Infants who are HIV-1-infected have a higher rate of CMV infection at 6 months than those who are not HIV-1-infected (39.9 vs 15.3 percent). At age 18 months, those infants who are HIV-1-infected and who also have CMV infection have higher rates of HIV-1 disease progression (70.0 percent) than those who are only HIV-1-infected (30.4 percent). In those children who were only HIV-1-infected, rapid progression of HIV-1 disease was related to their having higher levels of virus (i.e., higher viral load).
Monolaurin, the monoglyceride of lauric acid, destroys CMV, as well as other herpes viruses and HIV-1. If HIV-1-infected pregnant women were given a source of lauric acid during pregnancy, there could be additional lowering of viral load, which could be helpful in preventing vertical transmission of the virus.

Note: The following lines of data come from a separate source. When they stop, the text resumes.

definition run_space :: "(nat \<Rightarrow> nat \<Rightarrow> real) measure" where
  "run_space = PiM UNIV (\<lambda>_. state_space)"

definition loop_space :: "ploop \<Rightarrow> (nat \<Rightarrow> nat \<Rightarrow> real) measure" where
  "loop_space L = distr (choice_space L) run_space (run_of L)"

definition loop_filtration :: "ploop \<Rightarrow> nat \<Rightarrow> (nat \<Rightarrow> nat \<Rightarrow> real) measure" where
  "loop_filtration L i = sigma (space (loop_space L))
     {{\<theta> \<in> space (loop_space L). \<forall>k\<le>i. \<theta> k \<in> A k} | A. \<forall>k\<le>i. A k \<in> sets state_space}"

definition pure_invariant :: "ploop \<Rightarrow> ((nat \<Rightarrow> real) \<Rightarrow> bool) \<Rightarrow> bool" where
  "pure_invariant L I \<longleftrightarrow> (\<forall>i. AE \<theta> in loop_space L. I (\<theta> i))"

definition looping_time :: "ploop \<Rightarrow> (nat \<Rightarrow> nat \<Rightarrow> real) \<Rightarrow> enat" where
  "looping_time L \<theta> = (if \<exists>i. \<not> guard_holds L (\<theta> i)
       then enat (LEAST i. \<not> guard_holds L (\<theta> i)) else \<infinity>)"

definition AST :: "ploop \<Rightarrow> bool" where
  "AST L \<longleftrightarrow> measure (loop_space L) {\<theta> \<in> space (loop_space L). looping_time L \<theta> < \<infinity>} = 1"

definition PAST :: "ploop \<Rightarrow> bool" where
  "PAST L \<longleftrightarrow> (\<integral>\<^sup>+ \<theta>. ennreal_of_enat (looping_time L \<theta>) \<partial>loop_space L) < \<infinity>"

end

theory Submission
  imports Defs
begin

(* Let A be the event M_i0 < 0 and fix l > 0 with l c <= 1 and l c^2 <= epsilon.
   Because exp y <= 1 + y + y^2 for |y| <= 1 and the conditional drift of M is at most
   -epsilon while the guard holds, E[1_A exp(l M_n)] is non-increasing in n, so it stays
   below E[1_A exp(l M_i0)] < P(A).  Once the loop has stopped M_n >= 0, hence
   exp(l M_n) >= 1 there, and P(Guard_n) >= P(A) - E[1_A exp(l M_n)] is bounded away from 0:
   the loop is not AST.
   For epsilon >= 0 run the same argument with M itself on a part of A where M_i0 is bounded
   below by -K: then E[1_A M_n] <= -delta < 0, while 1_A M_n >= -(K + c (n - i0)) where the
   loop still runs and M_n >= 0 where it has stopped.  So P(Guard_n) >= delta / (K + c (n - i0)),
   and E(T) = sum_n P(Guard_n) diverges. *)

lemma exp_le_quadratic:
  fixes y :: real
  assumes "\<bar>y\<bar> \<le> 1"
  shows "exp y \<le> 1 + y + y\<^sup>2"
proof (cases "y \<ge> 0")
  case True
  then show ?thesis using exp_bound[of y] assms by auto
next
  case False
  have "exp y * (1 - y) \<le> exp y * exp (- y)"
    using exp_ge_add_one_self[of "-y"] by (intro mult_left_mono) auto
  also have "\<dots> = 1" by (simp flip: exp_add)
  also have "1 \<le> (1 + y + y\<^sup>2) * (1 - y)"
  proof -
    have "(1 + y + y\<^sup>2) * (1 - y) = 1 - y ^ 3"
      by (simp add: algebra_simps power2_eq_square power3_eq_cube)
    moreover have "y ^ 3 \<le> 0" using False by (simp add: odd_pos power_le_zero_eq)
    ultimately show ?thesis by simp
  qed
  finally show ?thesis using False by simp
qed

lemma not_summable_if_harmonic_lower_bound:
  fixes m :: "nat \<Rightarrow> real"
  assumes "\<delta> > 0" and "C > 0" and "\<And>k. \<delta> \<le> C * real (Suc k) * m (k + n)"
  shows "\<not> summable m"
proof
  assume "summable m"
  then have "summable (\<lambda>k. C / \<delta> * m (k + n))"
    by (intro summable_mult) (subst summable_iff_shift)
  then have "summable (\<lambda>k. inverse (real (Suc k)))"
  proof (rule summable_comparison_test')
    fix k
    have pos: "C + C * real k > 0" using assms(2) by (simp add: add_pos_nonneg)
    then have "inverse (real (Suc k)) = C / \<delta> * (\<delta> / (C * real (Suc k)))"
      using assms(1) by (simp add: field_simps)
    also have "\<dots> \<le> C / \<delta> * m (k + n)"
      using assms pos by (intro mult_left_mono) (auto simp: divide_le_eq algebra_simps)
    finally show "norm (inverse (real (Suc k))) \<le> C / \<delta> * m (k + n)" by simp
  qed
  then have "summable (\<lambda>k. inverse (real k) :: real)"
    by (subst summable_Suc_iff[symmetric]) simp
  then show False using not_summable_harmonic by blast
qed

lemma (in finite_measure) bounded_part_of_negative_set:
  assumes [measurable]: "f \<in> borel_measurable M"
    and "measure M {x \<in> space M. f x < 0} > 0"
  obtains K :: nat where "measure M {x \<in> space M. - real K < f x \<and> f x < 0} > 0"
proof -
  define A where "A K = {x \<in> space M. - real K < f x \<and> f x < 0}" for K :: nat
  have "(\<Union>K. A K) = {x \<in> space M. f x < 0}"
    by (auto simp: A_def) (metis minus_less_iff reals_Archimedean2)
  show thesis
  proof (rule ccontr)
    assume "\<not> thesis"
    then have "\<not> measure M (A K) > 0" for K
      using that unfolding A_def by blast
    then have "measure M (A K) = 0" for K
      by (metis measure_nonneg order.not_eq_order_implies_strict)
    then have "A K \<in> null_sets M" for K
      by (simp add: A_def null_sets_def emeasure_eq_measure)
    then have "(\<Union>K. A K) \<in> null_sets M" by blast
    then show False
      using assms(2) \<open>(\<Union>K. A K) = _\<close> by (simp add: null_sets_def emeasure_eq_measure)
  qed
qed

section \<open>Processes with negative drift while a guard holds\<close>

locale guarded_drift_process = prob_space P for P :: "'a measure" +
  fixes F :: "nat \<Rightarrow> 'a measure" and X :: "nat \<Rightarrow> 'a \<Rightarrow> real" and G :: "nat \<Rightarrow> 'a set"
    and i0 :: nat and c \<epsilon> :: real
  assumes subalgebra_F: "\<And>i. subalgebra P (F i)"
    and F_mono: "\<And>i j. i \<le> j \<Longrightarrow> sets (F i) \<subseteq> sets (F j)"
    and X_adapted: "\<And>i. X i \<in> borel_measurable (F i)"
    and G_adapted: "\<And>i. G i \<in> sets (F i)"
    and X_frozen_off_G: "\<And>i. AE x in P. x \<notin> G i \<longrightarrow> X (Suc i) x = X i x"
    and X_nonneg_off_G: "\<And>i. i \<ge> i0 \<Longrightarrow> AE x in P. x \<notin> G i \<longrightarrow> X i x \<ge> 0"
    and drift_on_G: "\<And>i. i \<ge> i0 \<Longrightarrow> AE x in P. x \<in> G i \<longrightarrow>
               real_cond_exp P (F i) (\<lambda>x. X (Suc i) x - X i x) x \<le> - \<epsilon>"
    and increment_bounded: "\<And>i. i \<ge> i0 \<Longrightarrow> AE x in P. \<bar>X (Suc i) x - X i x\<bar> < c"
    and c_pos: "c > 0"
begin

lemma space_F: "space (F i) = space P"
  using subalgebra_F[of i] by (simp add: subalgebra_def)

Further, those infants who acquire HIV-1 infection by vertical transmission from their HIV-1-infected mothers are candidates for the adjunct antiviral nutritional support from lauric fats in their infant formula. Since the current medical recommendations prevent these infants from receiving human milk from their HIV-1-infected mothers, they need to be given infant formulas. There was a time when most of the infant formulas in the United States could be counted on to have a source of lauric acid and capric acid in their formulation to match that found in human milk. This is no longer true for many of the infant formulas.
The older HIV-1-infected children, who consume regular foods, could benefit from a source of lauric acid such as desiccated coconut products.

Lauric.org Comments on Icelandic HIV Research
July 1, 1999, lauric.org - Dr. Halldor Thormar, the Icelandic scientist, who previously showed that monolaurin, which comes from the fat in coconut, kills lipid coated DNA and RNA viruses including HIV and herpes viruses as well as other microorganisms including gram positive bacteria has just announced the potential effectiveness of monocaprin dissolved in a gel in killing HIV. Monocaprin also comes from the fat in coconut in the form of capric acid (C:10). Thormar and his colleagues plan to continue the tests with monocaprin against chlamydia and herpes simplex virus.
Lauric.org Responds to FDA Ban on DHA
June 1, 1999, lauric.org - Several fatty acids are very important for health and development. Among them are lauric acid and docosahexaenoic acid (DHA). These two fatty acids are found in human milk from lactating mothers. Lauric acid is the medium-chain fatty acids used by the infant to make antimicrobial monoglycerides to keep the infant from getting infections. DHA is a long-chain omega-3 fatty acid that is absolutely essential for proper brain development in the infant, and for healthy vision. Children and adults also need a source of both lauric acid and DHA. Lauric acid can only be obtained through foods and the best source in the United States is coconut including sulfite-free desiccated coconut. Children and adults can make their own DHA if they have adequate dietary consumption of the precursor to DHA, which is alpha-linolenic acid, and if they also don’t have too much omega-6 vegetable oils or partially hydrogenated vegetable oils (trans fatty acids) in their regular diets. The best source of preformed DHA is cod liver oil and fatty fish such as salmon, sardines, and mackerel.